It may be that, since I'm no longer young, I have lost touch with the youthful outlook on sex and related issues. It may even be that, since I have no taste for pornography, and a very strong distaste for the peddlers thereof, and the victims who believe they aren't victims of it, I could be a lone voice crying in the wilderness.
But there's a strong case for standing against this kind of open stupidity. Of course, we hear all the time that we should treat other people's opinions with respect, and be tolerant of their mistakes and their very well constructed and elegant theories, transforming what is wrong and crass into a possibility of freedom form the old-fashioned mores, and ways of thinking. There is a theory that, if you want to get a message of morality across to the immoral and amoral, you must adopt a softly-softly approach. meanwhile, the evil spreads.
let's be honest, it's easier to approach with an appearance of interest, and let the evil-doer and their cohorts crowd together and laugh at the last drops of purity. It's the easiest thing in the world to tr and take comfort from the idea that God will give them their just deserts, thus proving the old saw that for evil to flourish only requires the good to do nothing.
We are God's resources.
Think of that for a moment.
If being popular with your peers is more important than letting others know your true beliefs, if you conceal the knowledge of the difference between good and evil, if you plead that you lack the courage of your convictions, what will God make of you? I know, I really know, the kind of dilemma you've portrayed here. I know what it is to be laughed at, ridiculed and tormented for my beliefs. Take my word for it, these are as nothing compared to the hurt in our Father's eyes who has to judge and forgive you.
And all that stuff from GA about concealing your distaste. I have no idea whether or not Gary has any real convictions. I do know that he is very erudite and a little opinionated, but pliable about many things on the live and let live principle, only concerning himself on this site with techniques and technicalities. I note you "edited" this piece. Was it really necessary to make it bland?
Anyone can write bland, As to the moral, you don't know? are you sure about that?

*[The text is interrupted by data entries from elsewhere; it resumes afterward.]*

(* Let $n\ge2$, $\omega\in\mathbb{R}^n$, $k\in\mathbb{R}_{>0}^n$ satisfy (IC1) $\sum_\mu\omega_\mu=0$, (IC2) $\omega\ne0$, (IC3) $\left|\frac{\omega_1}{k_1}\right|\le\cdots\le\left|\frac{\omega_n}{k_n}\right|$. Let $\sigma\in\{-1,+1\}^n$, $\sigma_+=\{\mu:\sigma_\mu=+1\}$, and $f_\sigma(R)=-R+\frac1n\sum_{\mu=1}^n\sigma_\mu\sqrt{k_\mu^2R-\omega_\mu^2}$. Then every positive root of $f_\sigma$ lies in the interval $$\left[\left(\frac{\omega_n}{k_n}\right)^2,\ \left(\frac1n\sum_{\mu\in\sigma_+}k_\mu\right)^2\right].$$
   Context: Square roots are nonnegative real square roots; a positive root of $f_\sigma$ is a real $R>0$ with $k_\mu^2R-\omega_\mu^2\ge0$ for all $\mu$ and $f_\sigma(R)=0$. *)

theory Defs
  imports Complex_Main
begin

definition f_sigma :: "nat \<Rightarrow> (nat \<Rightarrow> real) \<Rightarrow> (nat \<Rightarrow> real) \<Rightarrow> (nat \<Rightarrow> int) \<Rightarrow> real \<Rightarrow> real" where
  "f_sigma n \<omega> k \<sigma> R = - R + (1 / real n) * (\<Sum>\<mu>=1..n. of_int (\<sigma> \<mu>) * sqrt ((k \<mu>)\<^sup>2 * R - (\<omega> \<mu>)\<^sup>2))"

definition positive_root :: "nat \<Rightarrow> (nat \<Rightarrow> real) \<Rightarrow> (nat \<Rightarrow> real) \<Rightarrow> (nat \<Rightarrow> int) \<Rightarrow> real \<Rightarrow> bool" where
  "positive_root n \<omega> k \<sigma> R \<longleftrightarrow> R > 0 \<and> (\<forall>\<mu>\<in>{1..n}. (k \<mu>)\<^sup>2 * R - (\<omega> \<mu>)\<^sup>2 \<ge> 0) \<and> f_sigma n \<omega> k \<sigma> R = 0"

end

theory Submission
  imports Defs
begin

text \<open>At a root, R is the average of the signed square roots. A term with sign -1
  contributes at most 0 and a term with sign +1 at most k(mu) sqrt R, so
  R \<le> S sqrt R with S = (1/n) times the sum of k over the positive signs, i.e.
  sqrt R \<le> S. The lower bound is nonnegativity of the radicand for mu = n.
  Neither bound uses IC1--IC3; IC3 only makes mu = n the best lower bound of
  this kind.\<close>

lemma sqrt_diff_square_le:
  fixes a b R :: real
  assumes "a \<ge> 0"
  shows "sqrt (a\<^sup>2 * R - b\<^sup>2) \<le> a * sqrt R"
proof -
  have "sqrt (a\<^sup>2 * R - b\<^sup>2) \<le> sqrt (a\<^sup>2 * R)" by (rule real_sqrt_le_mono) simp
  also have "\<dots> = a * sqrt R" using assms by (simp add: real_sqrt_mult)
  finally show ?thesis .
qed

lemma sum_signed_le_sum_positive:
  fixes x b :: "'a \<Rightarrow> real" and s :: "'a \<Rightarrow> int"
  assumes "finite A"
    and "\<And>i. i \<in> A \<Longrightarrow> s i \<in> {-1, 1}"
    and "\<And>i. i \<in> A \<Longrightarrow> 0 \<le> x i"
    and "\<And>i. i \<in> A \<Longrightarrow> x i \<le> b i"
  shows "(\<Sum>i\<in>A. of_int (s i) * x i) \<le> (\<Sum>i\<in>{i\<in>A. s i = 1}. b i)"
proof -
  have "(\<Sum>i\<in>A. of_int (s i) * x i) \<le> (\<Sum>i\<in>A. if s i = 1 then b i else 0)"
  proof (rule sum_mono)
    fix i assume "i \<in> A"
    then show "of_int (s i) * x i \<le> (if s i = 1 then b i else 0)"
      using assms(2-4)[of i] by auto
  qed
  also have "\<dots> = (\<Sum>i\<in>{i\<in>A. s i = 1}. b i)"
    using assms(1) by (simp add: sum.inter_filter)
  finally show ?thesis .
qed

lemma le_square_if_le_sqrt_mult:
  fixes R S :: real
  assumes "0 \<le> R" and "R \<le> sqrt R * S"
  shows "R \<le> S\<^sup>2"
proof (cases "R = 0")
  case False
  with assms have "sqrt R * sqrt R \<le> sqrt R * S" by simp
  moreover have "sqrt R > 0" using False assms(1) by simp
  ultimately have "sqrt R \<le> S" by (rule mult_left_le_imp_le)
  with assms(1) have "(sqrt R)\<^sup>2 \<le> S\<^sup>2" by (intro power_mono) auto
  with assms(1) show ?thesis by simp
qed simp

lemma positive_root_lower_bound:
  assumes "positive_root n \<omega> k \<sigma> R" and "\<mu> \<in> {1..n}" and "k \<mu> > 0"
  shows "(\<omega> \<mu> / k \<mu>)\<^sup>2 \<le> R"
proof -
  have "(\<omega> \<mu>)\<^sup>2 \<le> (k \<mu>)\<^sup>2 * R" using assms(1,2) unfolding positive_root_def by auto
  with assms(3) show ?thesis by (simp add: power_divide divide_le_eq mult.commute)
qed

lemma positive_root_upper_bound:
  assumes "positive_root n \<omega> k \<sigma> R"
    and "\<forall>\<mu>\<in>{1..n}. k \<mu> > 0"
    and "\<forall>\<mu>\<in>{1..n}. \<sigma> \<mu> \<in> {-1, 1}"
  shows "R \<le> ((1 / real n) * (\<Sum>\<mu>\<in>{\<mu>\<in>{1..n}. \<sigma> \<mu> = 1}. k \<mu>))\<^sup>2"
proof (rule le_square_if_le_sqrt_mult)
  have R: "R > 0" and radicand: "\<forall>\<mu>\<in>{1..n}. (k \<mu>)\<^sup>2 * R - (\<omega> \<mu>)\<^sup>2 \<ge> 0"
    and f0: "f_sigma n \<omega> k \<sigma> R = 0"
    using assms(1) unfolding positive_root_def by auto
  then show "0 \<le> R" by simp
  have "R = (1 / real n) * (\<Sum>\<mu>=1..n. of_int (\<sigma> \<mu>) * sqrt ((k \<mu>)\<^sup>2 * R - (\<omega> \<mu>)\<^sup>2))"
    using f0 unfolding f_sigma_def by simp
  also have "\<dots> \<le> (1 / real n) * (\<Sum>\<mu>\<in>{\<mu>\<in>{1..n}. \<sigma> \<mu> = 1}. k \<mu> * sqrt R)"
    using assms(2,3) radicand
    by (intro mult_left_mono sum_signed_le_sum_positive sqrt_diff_square_le)
       (auto intro: less_imp_le)
  also have "\<dots> = sqrt R * ((1 / real n) * (\<Sum>\<mu>\<in>{\<mu>\<in>{1..n}. \<sigma> \<mu> = 1}. k \<mu>))"
    by (simp add: sum_distrib_left mult.commute)
  finally show "R \<le> sqrt R * ((1 / real n) * (\<Sum>\<mu>\<in>{\<mu>\<in>{1..n}. \<sigma> \<mu> = 1}. k \<mu>))" .
qed

theorem proposition1:
  fixes n :: nat and \<omega> k :: "nat \<Rightarrow> real" and \<sigma> :: "nat \<Rightarrow> int" and R :: real
  assumes n2: "n \<ge> 2"
    and kpos: "\<forall>\<mu>\<in>{1..n}. k \<mu> > 0"
    and IC1: "(\<Sum>\<mu>=1..n. \<omega> \<mu>) = 0"
    and IC2: "\<exists>\<mu>\<in>{1..n}. \<omega> \<mu> \<noteq> 0"
    and IC3: "\<forall>\<mu>\<in>{1..n}. \<forall>\<nu>\<in>{1..n}. \<mu> \<le> \<nu> \<longrightarrow> \<bar>\<omega> \<mu> / k \<mu>\<bar> \<le> \<bar>\<omega> \<nu> / k \<nu>\<bar>"
    and sig: "\<forall>\<mu>\<in>{1..n}. \<sigma> \<mu> \<in> {-1, 1}"
    and root: "positive_root n \<omega> k \<sigma> R"
  shows "(\<omega> n / k n)\<^sup>2 \<le> R \<and> R \<le> ((1 / real n) * (\<Sum>\<mu>\<in>{\<mu>\<in>{1..n}. \<sigma> \<mu> = 1}. k \<mu>))\<^sup>2"
proof
  have "n \<in> {1..n}" using n2 by simp
  then show "(\<omega> n / k n)\<^sup>2 \<le> R"
    using root kpos by (intro positive_root_lower_bound) auto
  show "R \<le> ((1 / real n) * (\<Sum>\<mu>\<in>{\<mu>\<in>{1..n}. \<sigma> \<mu> = 1}. k \<mu>))\<^sup>2"
    using root kpos sig by (rule positive_root_upper_bound)
qed

end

I don't want to come across as the heavy, although I probably have. But I return to my original question, which is probably none of my business, and only you can answer; is popularity with your peers more important than standing up for your beliefs? -
I liked this a lot. It's very different and I like the opinions shown through. I'm not sure what point you meant to take in here.. Is it really waiting? Is there a secret? Perhaps a promise? i wasn't really sure, but, I did enjoy it a great deal. The abstract views of the girl and the guy's conservative and awkward feelings. It's a very different kind of piece and I respect and enjoy it. Very interesting, really.. Liked it a good deal. =] Thanks for the entry.
-Sarah.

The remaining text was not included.